Decorative synthetic decks, assembled as floors in gardens and balconies became extremely popular among clients and designers in recent years. Decorative synthetic decks are more durable and have much lower maintenance costs (i.e., no polishing, re-painting or waxing is needed) than timber (wooden) decks. Furthermore, decorative synthetic decks are not limited to a certain wooden appearance and can be designed according to any desire of the client or the designer to have almost any color or pattern.

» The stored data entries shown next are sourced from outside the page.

(* Let $\Gamma$ be a weighted digraph with Kirchhoff matrix $L$, out-forest dimension $d$, and normalized matrix of maximum out-forests $\bar J$. Then $\operatorname{rank}\bar J=d$, $\bar J^2=\bar J$, and $L\bar J=\bar J L=0$.
   Context: A weighted digraph $\Gamma$ has vertex set $\{1,\dots,n\}$, no loops, and each arc $j\to i$ ($j\ne i$) has a positive weight $a_{ij}$; $a_{ij}=0$ if there is no such arc. Its Kirchhoff matrix $L=[\ell_{ij}]$ has $\ell_{ij}=-a_{ij}$ for $j\ne i$ and $\ell_{ii}=\sum_{k\ne i}a_{ik}$. A diverging tree is a rooted directed tree with directed paths from its root to all its other vertices; an out-forest of $\Gamma$ is a spanning subgraph whose weak components are diverging trees; a maximum out-forest is an out-forest with the maximum number of arcs; the out-forest dimension $d$ is the number of trees in a maximum out-forest. The weight of a subgraph is the product of the weights of its arcs. The normalized matrix of maximum out-forests $\bar J=[\bar J_{ij}]$ is defined by: $\bar J_{ij}$ equals the total weight of those maximum out-forests of $\Gamma$ in which vertex $i$ belongs to the tree whose root is $j$, divided by the total weight of all maximum out-forests of $\Gamma$. *)

theory Defs
  imports "HOL-Analysis.Analysis"
begin

text \<open>The weighted digraph is given by
  a nonnegative real matrix a, where a $ i $ j (for j \<noteq> i) is the weight of the arc j \<rightarrow> i,
  and the arc exists iff a $ i $ j > 0. An arc j \<rightarrow> i is represented as the pair (j, i).\<close>

definition arcs :: "real^'n^'n \<Rightarrow> ('n \<times> 'n) set" where
  "arcs a = {(j, i). j \<noteq> i \<and> a $ i $ j > 0}"

definition kirchhoff :: "real^'n^'n \<Rightarrow> real^'n^'n" where
  "kirchhoff a = (\<chi> i j. if i = j then (\<Sum>k\<in>UNIV - {i}. a $ i $ k) else - a $ i $ j)"

definition weak_comp :: "('n \<times> 'n) set \<Rightarrow> 'n \<Rightarrow> 'n set" where
  "weak_comp F i = {v. (i, v) \<in> (F \<union> F\<inverse>)\<^sup>*}"

text \<open>A diverging tree with vertex set C and arc set T: a rooted directed tree
  (underlying graph a tree, i.e. connected with card C - 1 arcs) with directed paths
  from its root r to all other vertices.\<close>
definition diverging_tree :: "'n set \<Rightarrow> ('n \<times> 'n) set \<Rightarrow> bool" where
  "diverging_tree C T \<longleftrightarrow> T \<subseteq> C \<times> C \<and> card T + 1 = card C \<and>
     (\<exists>r\<in>C. \<forall>v\<in>C. (r, v) \<in> T\<^sup>*)"

definition out_forest :: "real^'n^'n \<Rightarrow> ('n \<times> 'n) set \<Rightarrow> bool" where
  "out_forest a F \<longleftrightarrow> F \<subseteq> arcs a \<and>
     (\<forall>i. diverging_tree (weak_comp F i) (F \<inter> (weak_comp F i \<times> weak_comp F i)))"

definition max_out_forest :: "real^'n^'n \<Rightarrow> ('n \<times> 'n) set \<Rightarrow> bool" where
  "max_out_forest a F \<longleftrightarrow> out_forest a F \<and> (\<forall>G. out_forest a G \<longrightarrow> card G \<le> card F)"

definition num_trees :: "('n \<times> 'n) set \<Rightarrow> nat" where
  "num_trees F = card (range (weak_comp F))"

definition out_forest_dim :: "real^'n^'n \<Rightarrow> nat" where
  "out_forest_dim a = num_trees (SOME F. max_out_forest a F)"

definition in_tree_rooted_at :: "('n \<times> 'n) set \<Rightarrow> 'n \<Rightarrow> 'n \<Rightarrow> bool" where
  "in_tree_rooted_at F i j \<longleftrightarrow> j \<in> weak_comp F i \<and> (\<forall>v\<in>weak_comp F i. (j, v) \<in> F\<^sup>*)"

definition weight :: "real^'n^'n \<Rightarrow> ('n \<times> 'n) set \<Rightarrow> real" where
  "weight a F = (\<Prod>(j, i)\<in>F. a $ i $ j)"

definition norm_max_out_forest_matrix :: "real^'n^'n \<Rightarrow> real^'n^'n" where
  "norm_max_out_forest_matrix a =
     (\<chi> i j. (\<Sum>F\<in>{F. max_out_forest a F \<and> in_tree_rooted_at F i j}. weight a F)
            / (\<Sum>F\<in>{F. max_out_forest a F}. weight a F))"

end

theory Submission
  imports Defs
begin

text \<open>
  Out-forests are identified with forests (acyclic arc sets
  in which every vertex has at most one parent) built from arcs of the digraph, and J i j is
  the relative weight of the maximum out-forests in which j is the root of i. An
  augmentation argument shows that in a maximum out-forest each root r reaches, inside its
  own tree, every vertex from which r is reachable in the digraph. Based on this, three
  weight-preserving exchange bijections on (pairs of) maximum out-forests are constructed:
  reattaching a subtree gives the row balance behind LJ = 0, rerooting a tree gives the
  column balance behind JL = 0, and grafting two forests along the ancestors of a root
  gives the convolution identity behind J * J = J. Finally the trace of J counts the
  roots of a maximum out-forest, i.e. d, and the rank of an idempotent matrix equals its
  trace, which is proved first by elementary linear algebra.
\<close>

section \<open>Rank of idempotent matrices\<close>

lemma idempotent_fixes_range:
  fixes P :: "real^'n^'n"
  assumes "P ** P = P" and "y \<in> range ((*v) P)"
  shows "P *v y = y"
  using assms by (auto simp: matrix_vector_mul_assoc)

lemma idempotent_kills_complement:
  fixes P :: "real^'n^'n"
  assumes "P ** P = P" and "y \<in> range (\<lambda>x. x - P *v x)"
  shows "P *v y = 0"
  using assms by (auto simp: matrix_vector_mul_assoc matrix_vector_mult_diff_distrib)

text \<open>The two ranges are complementary subspaces, so their dimensions add up to n.\<close>
lemma idempotent_dims:
  fixes P :: "real^'n^'n"
  assumes PP: "P ** P = P"
  shows "rank P + dim (range (\<lambda>x. x - P *v x)) = CARD('n)"
proof -
  define R where "R = range ((*v) P)"
  define K where "K = range (\<lambda>x. x - P *v x)"
  have lin: "linear (\<lambda>x. x - P *v x)"
    by (intro linear_compose_sub matrix_vector_mul_linear bounded_linear.linear bounded_linear_ident)
  have subR: "subspace R" unfolding R_def
    by (rule linear_subspace_image[OF matrix_vector_mul_linear subspace_UNIV])
  have subK: "subspace K" unfolding K_def
    by (rule linear_subspace_image[OF lin subspace_UNIV])
  have "R \<inter> K \<subseteq> {0}"
  proof
    fix y assume y: "y \<in> R \<inter> K"
    have "P *v y = y" by (rule idempotent_fixes_range[OF PP]) (use y R_def in blast)
    moreover have "P *v y = 0" by (rule idempotent_kills_complement[OF PP]) (use y K_def in blast)
    ultimately show "y \<in> {0}" by simp
  qed
  then have "R \<inter> K = {0}" using subR subK by (auto simp: subspace_0)
  moreover have "{x + y |x y. x \<in> R \<and> y \<in> K} = UNIV"
  proof -
    have "z \<in> {x + y |x y. x \<in> R \<and> y \<in> K}" for z
    proof -
      have "z = P *v z + (z - P *v z)" by simp
      then show ?thesis unfolding R_def K_def by blast
    qed
    then show ?thesis by blast
  qed
  ultimately show ?thesis
    using dim_sums_Int[OF subR subK] by (simp add: rank_dim_range R_def K_def)
qed

text \<open>A set spanning both ranges spans the whole space, since z = P z + (z - P z).\<close>
lemma span_of_complementary_ranges:
  fixes P :: "real^'n^'n"
  assumes "range ((*v) P) \<subseteq> span B" "range (\<lambda>x. x - P *v x) \<subseteq> span B"
  shows "span B = UNIV"
proof -
  have "P *v z + (z - P *v z) \<in> span B" for z using assms by (intro span_add) auto
  then show ?thesis by auto
qed

lemma matrix_with_columns:
  fixes B1 B2 :: "(real^'n) set"
  assumes fin: "finite B1" "finite B2" and dims: "card B1 + card B2 = CARD('n)"
  obtains U :: "'n set" and S :: "real^'n^'n"
  where "card U = card B1" "B1 \<union> B2 \<subseteq> columns S"
    "\<And>k. k \<in> U \<Longrightarrow> column k S \<in> B1" "\<And>k. k \<notin> U \<Longrightarrow> column k S \<in> B2"
proof -
  obtain U :: "'n set" where U: "card U = card B1"
    using obtain_subset_with_card_n[of "card B1" "UNIV :: 'n set"] dims by auto
  have "card (- U) = card B2"
    using U dims by (simp add: Compl_eq_Diff_UNIV card_Diff_subset)
  then obtain b1 b2 where b1: "bij_betw b1 U B1" and b2: "bij_betw b2 (- U) B2"
    using finite_same_card_bij[of U B1] finite_same_card_bij[of "- U" B2] U fin by auto
  define S :: "real^'n^'n" where "S = (\<chi> i k. if k \<in> U then b1 k $ i else b2 k $ i)"
  have col: "column k S = (if k \<in> U then b1 k else b2 k)" for k
    by (simp add: S_def column_def vec_eq_iff)
  have "B1 \<subseteq> columns S" "B2 \<subseteq> columns S"
    using b1 b2 col unfolding bij_betw_def columns_def by force+
  moreover have "column k S \<in> B1" if "k \<in> U" for k
    using b1 col that by (auto simp: bij_betw_def)
  moreover have "column k S \<in> B2" if "k \<notin> U" for k
    using b2 col that by (auto simp: bij_betw_def)
  ultimately show ?thesis using that U by blast
qed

Synthetic decks are usually assembled from PVC foam boards that are coextruded with an additional layer. The coating includes compounds and components that improve the boards' wear resistance, environmental resistance and impact resistance. The coating further includes matting agents to form the desired pattern and color pigments to color the board. However, the currently known coating has limited environmental durability and has a thickness of 500-800 μm that is approximately 35% of the boards' total price. Formation of the pattern on the deck's boards envelope (e.g., the outer surface of the deck) is done by inclusion of the desired color into the coating (e.g., a cap layer) material and embossment of the texture during an extrusion process of the boards by applying pressure on the surface of the board with an embossment roll. Changing the pattern or the coloring of boards in the production line is complicated, because it requires stopping the extrusion process, cleaning the extrusion line and replacing the coating material with a new one. Reproduction of deck's boards with pattern is complicated and an exact reproduction of a previously formed pattern is almost impossible.

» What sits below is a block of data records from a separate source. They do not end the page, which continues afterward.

(* Let $I\subset\mathbb{R}$ be an open interval and let $f:I\to\mathbb{R}$ be a strictly convex function of class $C^{3}$ (i.e. $f''>0$ on $I$), with graph $X$. Then $f$ is a quadratic polynomial if and only if $X$ satisfies the following Condition (A): there is a positive constant $a$, depending only on $X$, such that for every point $P$ on $X$ and every chord $AB$ of $X$ parallel to the tangent line of $X$ at $P$, if $V$ denotes the point where the line through $P$ parallel to the $y$-axis meets the segment $AB$, then the area of the region bounded by $X$ and the chord $AB$ equals $a\,|PV|^{3/2}$.
   Context: A chord $AB$ of $X$ is a segment joining two points $A,B$ of $X$; the "region bounded by $X$ and $AB$" is the region enclosed by the arc of $X$ between $A$ and $B$ and the segment $AB$. $|PV|$ denotes the Euclidean length of the segment $PV$. *)

theory Defs
  imports "HOL-Analysis.Analysis"
begin

definition C3_with_derivs ::
  "(real \<Rightarrow> real) \<Rightarrow> (real \<Rightarrow> real) \<Rightarrow> (real \<Rightarrow> real) \<Rightarrow> (real \<Rightarrow> real) \<Rightarrow> real set \<Rightarrow> bool" where
  "C3_with_derivs f f1 f2 f3 I \<longleftrightarrow>
     (\<forall>x\<in>I. (f has_real_derivative f1 x) (at x)
           \<and> (f1 has_real_derivative f2 x) (at x)
           \<and> (f2 has_real_derivative f3 x) (at x))
     \<and> continuous_on I f3"

definition chord :: "(real \<Rightarrow> real) \<Rightarrow> real \<Rightarrow> real \<Rightarrow> real \<Rightarrow> real" where
  "chord f s t x = f s + (f t - f s) / (t - s) * (x - s)"

text \<open>Region enclosed by the arc of the graph of f between s and t and the chord
  (for convex f the chord lies above the arc).\<close>
definition chord_region :: "(real \<Rightarrow> real) \<Rightarrow> real \<Rightarrow> real \<Rightarrow> (real \<times> real) set" where
  "chord_region f s t = {(x, y). s \<le> x \<and> x \<le> t \<and> f x \<le> y \<and> y \<le> chord f s t x}"

definition condition_A :: "(real \<Rightarrow> real) \<Rightarrow> (real \<Rightarrow> real) \<Rightarrow> real set \<Rightarrow> bool" where
  "condition_A f f1 I \<longleftrightarrow>
    (\<exists>a>0. \<forall>p\<in>I. \<forall>s\<in>I. \<forall>t\<in>I.
       s < t \<and> (f t - f s) / (t - s) = f1 p \<and> s \<le> p \<and> p \<le> t \<longrightarrow>
       measure lebesgue (chord_region f s t) = a * \<bar>chord f s t p - f p\<bar> powr (3/2))"

end

theory Submission
  imports Defs
begin

text \<open>
  If \<open>f x = c x\<^sup>2 + c\<^sub>1 x + c\<^sub>0\<close>, the vertical through the point of tangency bisects every
  chord parallel to the tangent; for half-width \<open>u\<close> the cap has height \<open>c u\<^sup>2\<close> and area
  \<open>4/3 c u\<^sup>3\<close>, so Condition (A) holds with \<open>a = 4 / (3 sqrt c)\<close>.

  Conversely, let \<open>k\<^sub>1 < f'' p < k\<^sub>2\<close>. Near \<open>p\<close>, Taylor's formula squeezes the gap between
  the graph and the tangent at \<open>p\<close> between \<open>k\<^sub>1 (x - p)\<^sup>2 / 2\<close> and \<open>k\<^sub>2 (x - p)\<^sup>2 / 2\<close>.
  Integrating this squeeze over a short chord parallel to that tangent, whose cap has area
  \<open>a H powr (3/2)\<close> for its height \<open>H\<close>, yields \<open>a\<^sup>2 k\<^sub>1 \<le> 32/9\<close> and a lower bound for
  \<open>a\<^sup>2 k\<^sub>2\<close> that tends to \<open>32/9\<close> as \<open>k\<^sub>1, k\<^sub>2 \<rightarrow> f'' p\<close>. Hence \<open>f''\<close> is the constant
  \<open>32 / (9 a\<^sup>2)\<close> and \<open>f\<close> is quadratic.
\<close>

lemma measure_between_graphs:
  fixes u v :: "real \<Rightarrow> real"
  assumes u: "continuous_on {s..t} u" and v: "continuous_on {s..t} v"
    and le: "\<And>x. x \<in> {s..t} \<Longrightarrow> u x \<le> v x"
  shows "measure lebesgue {(x, y). s \<le> x \<and> x \<le> t \<and> u x \<le> y \<and> y \<le> v x}
           = integral {s..t} (\<lambda>x. v x - u x)"
proof -
  let ?R = "{(x, y). s \<le> x \<and> x \<le> t \<and> u x \<le> y \<and> y \<le> v x}"
  let ?S = "{s..t} \<times> (UNIV :: real set)"
  have cont: "continuous_on ?S (\<lambda>z. u (fst z))" "continuous_on ?S (\<lambda>z. v (fst z))"
    by (auto intro!: continuous_on_compose2[OF u continuous_on_fst]
        continuous_on_compose2[OF v continuous_on_fst])
  have "?R = {z \<in> ?S. u (fst z) \<le> snd z} \<inter> {z \<in> ?S. snd z \<le> v (fst z)}"
    by auto
  moreover have "closed \<dots>"
    by (intro closed_Int continuous_on_closed_Collect_le cont continuous_intros closed_Times)
  ultimately have R: "?R \<in> sets lborel"
    by simp
  define g where "g x = indicator {s..t} x *\<^sub>R (v x - u x)" for x
  have g_meas: "g \<in> borel_measurable borel"
    unfolding g_def by (intro borel_measurable_continuous_on_indicator continuous_intros u v) auto
  have g_nonneg: "0 \<le> g x" for x
    using le by (auto simp: g_def indicator_def)
  have vu_int: "(\<lambda>x. v x - u x) integrable_on {s..t}"
    by (intro integrable_continuous_interval continuous_intros u v)
  have nonneg: "0 \<le> integral {s..t} (\<lambda>x. v x - u x)"
    using vu_int le by (intro integral_nonneg) auto
  note integrable_integral[OF vu_int]
  moreover have "g = (\<lambda>x. if x \<in> {s..t} then v x - u x else 0)"
    by (auto simp: g_def)
  ultimately have g_int: "(g has_integral integral {s..t} (\<lambda>x. v x - u x)) UNIV"
    by (simp only: has_integral_restrict_UNIV)
  have slice: "emeasure lborel (Pair x -` ?R) = ennreal (g x)" for x
  proof -
    have "Pair x -` ?R = (if x \<in> {s..t} then {u x..v x} else {})"
      by auto
    then show ?thesis
      using le[of x] by (simp add: g_def)
  qed
  have "emeasure lborel ?R = emeasure (lborel \<Otimes>\<^sub>M lborel) ?R"
    by (simp add: lborel_prod)
  also have "\<dots> = (\<integral>\<^sup>+x. emeasure lborel (Pair x -` ?R) \<partial>lborel)"
    using R by (intro lborel.emeasure_pair_measure_alt) (simp only: lborel_prod)
  also have "\<dots> = ennreal (integral {s..t} (\<lambda>x. v x - u x))"
    unfolding slice by (rule nn_integral_has_integral_lborel[OF g_meas g_nonneg g_int])
  finally show ?thesis
    using R nonneg by (simp add: measure_def)
qed

lemma measure_chord_region:
  assumes "continuous_on {s..t} f" "convex_on {s..t} f"
  shows "measure lebesgue (chord_region f s t) = integral {s..t} (\<lambda>x. chord f s t x - f x)"
proof -
  have "f x \<le> chord f s t x" if "x \<in> {s..t}" for x
    using convex_onD_Icc'[OF assms(2) that] by (simp add: chord_def algebra_simps)
  moreover have "continuous_on {s..t} (chord f s t)"
    unfolding chord_def
    by (intro continuous_on_add continuous_on_mult_left continuous_on_diff continuous_on_const
        continuous_on_id)
  ultimately show ?thesis
    unfolding chord_region_def by (intro measure_between_graphs assms(1))
qed

definition tangent_gap :: "(real \<Rightarrow> real) \<Rightarrow> (real \<Rightarrow> real) \<Rightarrow> real \<Rightarrow> real \<Rightarrow> real" where
  "tangent_gap f f' p x = f x - f p - f' p * (x - p)"

lemma tangent_gap_eq_iff_slope:
  assumes "s < t"
  shows "tangent_gap f f' p t = tangent_gap f f' p s \<longleftrightarrow> (f t - f s) / (t - s) = f' p"
proof -
  have "tangent_gap f f' p t - tangent_gap f f' p s = f t - f s - f' p * (t - s)"
    by (simp add: tangent_gap_def algebra_simps)
  then show ?thesis
    using assms by (auto simp: divide_eq_eq)
qed

lemma chord_minus_graph_eq:
  assumes "(f t - f s) / (t - s) = f' p"
  shows "chord f s t x - f x = tangent_gap f f' p s - tangent_gap f f' p x"
  using assms by (simp add: chord_def tangent_gap_def algebra_simps)

lemma chord_height_eq:
  assumes "(f t - f s) / (t - s) = f' p"
  shows "chord f s t p - f p = tangent_gap f f' p s"
  using chord_minus_graph_eq[where f' = f', OF assms, of p] by (simp add: tangent_gap_def)

lemma tangent_gap_Taylor:
  fixes f f' f'' :: "real \<Rightarrow> real"
  assumes "\<And>y. y \<in> {lo..hi} \<Longrightarrow> (f has_real_derivative f' y) (at y)"
    and "\<And>y. y \<in> {lo..hi} \<Longrightarrow> (f' has_real_derivative f'' y) (at y)"
    and "p \<in> {lo..hi}" "x \<in> {lo..hi}"
  obtains \<xi> where "\<xi> \<in> {lo..hi}" "tangent_gap f f' p x = f'' \<xi> * (x - p)^2 / 2"
proof (cases "x = p")
  case True
  with assms(3) show ?thesis
    by (intro that[of p]) (simp_all add: tangent_gap_def)
next
  case False
  define diff where "diff m = (if m = 0 then f else if m = 1 then f' else f'')" for m :: nat
  have "\<exists>\<xi>. (if x < p then x < \<xi> \<and> \<xi> < p else p < \<xi> \<and> \<xi> < x) \<and>
    f x = (\<Sum>m<2. diff m p / fact m * (x - p)^m) + diff 2 \<xi> / fact 2 * (x - p)^2"
    using assms False
    by (intro Taylor[of 2 diff f lo hi p x]) (auto simp: diff_def less_2_cases_iff)
  then obtain \<xi> where \<xi>: "if x < p then x < \<xi> \<and> \<xi> < p else p < \<xi> \<and> \<xi> < x"
    and "f x = f p + f' p * (x - p) + f'' \<xi> / 2 * (x - p)^2"
    by (auto simp: diff_def numeral_2_eq_2)
  moreover have "\<xi> \<in> {lo..hi}"
    using \<xi> assms(3,4) by (auto split: if_splits)
  ultimately show ?thesis
    by (intro that[of \<xi>]) (simp_all add: tangent_gap_def)
qed

lemma tangent_gap_bounds:
  fixes f f' f'' :: "real \<Rightarrow> real"
  assumes "\<And>y. y \<in> {lo..hi} \<Longrightarrow> (f has_real_derivative f' y) (at y)"
    and "\<And>y. y \<in> {lo..hi} \<Longrightarrow> (f' has_real_derivative f'' y) (at y)"
    and bounds: "\<And>y. y \<in> {lo..hi} \<Longrightarrow> k1 \<le> f'' y \<and> f'' y \<le> k2"
    and "p \<in> {lo..hi}" "x \<in> {lo..hi}"
  shows "k1 * (x - p)^2 / 2 \<le> tangent_gap f f' p x \<and> tangent_gap f f' p x \<le> k2 * (x - p)^2 / 2"
proof -
  obtain \<xi> where "\<xi> \<in> {lo..hi}" "tangent_gap f f' p x = f'' \<xi> * (x - p)^2 / 2"
    using tangent_gap_Taylor[OF assms(1,2,4,5)] by blast
  with bounds[of \<xi>] show ?thesis
    by (auto intro!: divide_right_mono mult_right_mono)
qed

lemma integral_parabola:
  fixes H k p s t :: real
  assumes "s \<le> t"
  shows "integral {s..t} (\<lambda>x. H - k*(x-p)^2/2) = H*(t-s) - k*((t-p)^3 + (p-s)^3)/6"
proof -
  define F where "F x = H*x - k*(x-p)^3/6" for x
  have "((\<lambda>x. H - k*(x-p)^2/2) has_integral (F t - F s)) {s..t}"
    using assms by (intro fundamental_theorem_of_calculus)
      (auto simp: F_def power2_eq_square has_real_derivative_iff_has_vector_derivative[symmetric]
            intro!: derivative_eq_intros)
  moreover have "F t - F s = H*(t-s) - k*((t-p)^3 + (p-s)^3)/6"
    unfolding F_def by (simp add: field_simps power3_eq_cube)
  ultimately show ?thesis
    by (simp add: integral_unique)
qed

SUMMARYSome aspects of the invention may be related to a method of coating synthetic deck boards. The method may include printing a pattern on top of a pre-prepared deck board and curing the pattern. In some embodiments, the method may further include applying a transparent protective coating on top of the cured pattern, wherein the thickness of the transparent protective coating is less than 500 microns and curing the transparent protective coating.
Some additional aspects of the invention may be related to synthetic printed boards, for example, decorative synthetic boards. Each printed board may include a synthetic board, a printed pattern printed directly on the synthetic board having a printed resolution of at least 180 dpi and a transparent protective coating.

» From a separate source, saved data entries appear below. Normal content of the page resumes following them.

lemma eventually_stops:
  assumes "\<epsilon> > 0"
  shows "\<exists>k. ccdo_stop X Y u \<epsilon> P Q xs ys k"
proof (rule ccontr)
  assume no_stop: "\<nexists>k. ccdo_stop X Y u \<epsilon> P Q xs ys k"
  define v where "v k = payoff X u (P k) (Q k)" for k
  obtain K where K: "\<forall>k\<ge>K. xs (Suc k) \<in> Xs k" using eventually_xs_in_Xs by blast
  have "P k x \<in> {0..1}" if "x \<in> X" for k x
    using P_in_mixed1[of k] finite_X that member_le_sum[of x X "P k"] by (auto simp: mixed1_def)
  then obtain r p where r: "strict_mono r" and P_lim: "\<forall>x\<in>X. (\<lambda>k. P (r k) x) \<longlonglongrightarrow> p x"
    using convergent_subseq_finite_family[OF finite_X compact_Icc] by blast
  have "\<forall>\<^sub>F m in sequentially. \<forall>y\<in>Y. dist (payoff_at X u (P (r m)) y) (payoff_at X u p y) < \<epsilon> / 4"
    using assms P_lim by (intro uniform_limitD[OF uniform_limit_payoff_at]) auto
  then obtain N where N: "\<And>m y. N \<le> m \<Longrightarrow> y \<in> Y \<Longrightarrow>
      \<bar>payoff_at X u (P (r m)) y - payoff_at X u p y\<bar> < \<epsilon> / 4"
    by (auto simp: eventually_sequentially dist_real_def)
  have step: "v (r (Suc m)) < v (r m) - \<epsilon> + \<epsilon> / 2" if "N + K \<le> m" for m
    unfolding v_def
  proof (rule value_drops_if_not_stop)
    show "r m < r (Suc m)" using r by (simp add: strict_mono_less)
    show "xs (Suc (r m)) \<in> Xs (r m)" using K seq_suble[OF r, of m] that by simp
    show "\<not> ccdo_stop X Y u \<epsilon> P Q xs ys (r m)" using no_stop by blast
    show "payoff_at X u (P (r (Suc m))) (ys (Suc (r m)))
        \<le> payoff_at X u (P (r m)) (ys (Suc (r m))) + \<epsilon> / 2"
      using N[of m "ys (Suc (r m))"] N[of "Suc m" "ys (Suc (r m))"] ys_in_Y[of "r m"] that
      by linarith
  qed
  have drop: "v (r (N + K + Suc m)) \<le> v (r (N + K + m)) - \<epsilon> / 2" for m
    using step[OF le_add1[of "N + K" m]] by simp
  obtain B where B: "\<forall>p\<in>mixed1 X. \<forall>q\<in>mixed2 Y. B \<le> payoff X u p q"
    using payoff_lower_bound by blast
  obtain m where "v (r (N + K + m)) < B"
    using exists_less_if_steps_down[of "\<epsilon> / 2" "\<lambda>m. v (r (N + K + m))"] drop assms by auto
  moreover have "B \<le> v (r (N + K + m))" unfolding v_def using B P_in_mixed1 Q_in_mixed2 by blast
  ultimately show False by linarith
qed

end

context finite_continuous_game
begin

lemma eps_NE_at_stop:
  assumes "ccdo_step X Y u Xs Ys P Q xs ys K" and "ccdo_stop X Y u \<epsilon> P Q xs ys K"
  shows "eps_NE X Y u \<epsilon> (P K) (Q K)"
proof -
  have NE: "subgame_NE X Y u (Xs K) (Ys K) (P K) (Q K)"
    and BR1: "xs (Suc K) \<in> BR1 X u (Q K)" and BR2: "ys (Suc K) \<in> BR2 X Y u (P K)"
    using assms(1) unfolding ccdo_step_def by auto
  show ?thesis
  proof (rule eps_NE_if_pure_bounds)
    show "P K \<in> mixed1 X" "Q K \<in> mixed2 Y" using NE unfolding subgame_NE_def by auto
    show "payoff X u (pure1 x) (Q K) \<le> payoff X u (pure1 (xs (Suc K))) (Q K)" if "x \<in> X" for x
      using BR1 that unfolding BR1_def by auto
    show "payoff_at X u (P K) (ys (Suc K)) \<le> payoff_at X u (P K) y" if "y \<in> Y" for y
      using BR2 that unfolding BR2_def by (auto simp: payoff_pure2)
    show "payoff X u (pure1 (xs (Suc K))) (Q K) - payoff_at X u (P K) (ys (Suc K)) \<le> \<epsilon>"
      using assms(2) BR2 unfolding ccdo_stop_def BR2_def by (auto simp: payoff_pure2)
  qed
qed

The subject matter regarded as the invention is particularly pointed out and distinctly claimed in the concluding portion of the specification. The invention, however, both as to organization and method of operation, together with objects, features, and advantages thereof, may best be understood by reference to the following detailed description when read with the accompanying drawings in which:
It will be appreciated that for simplicity and clarity of illustration, elements shown in the figures have not necessarily been drawn to scale. For example, the dimensions of some of the elements may be exaggerated relative to other elements for clarity. Further, where considered appropriate, reference numerals may be repeated among the figures to indicate corresponding or analogous elements.
DETAILED DESCRIPTION OF THE PRESENT INVENTIONIn the following detailed description, numerous specific details are set forth in order to provide a thorough understanding of the invention. However, it will be understood by those skilled in the art that the present invention may be practiced without these specific details. In other instances, well-known methods, procedures, and components have not been described in detail so as not to obscure the present invention.
Some aspects of the present invention may be related to a system and a method of coating synthetic boards or girders (hereinafter board). Synthetic boards may possess both decorative and functional improved properties in comparison to timber board. According to some embodiments of the invention improved decorative properties may be achieved by printing a printed pattern on top of the synthetic board. The pattern may be printed by an inkjet printer at a relatively high resolution. The printing may further allow high versatility in choosing the pattern to be printed. Practically speaking, a consumer may choose or select any desirable image to be printed on the boards. For example, the costumer may choose a traditional timber-like appearance, an image of pebbles, grass, flowers, or even a photograph taken by a camera (e.g., a camera associated with the client). The high versatility may allow producing large variety of printed patterns in a single production process. Therefore, the client may order several different boards printed with different patterns at the same order.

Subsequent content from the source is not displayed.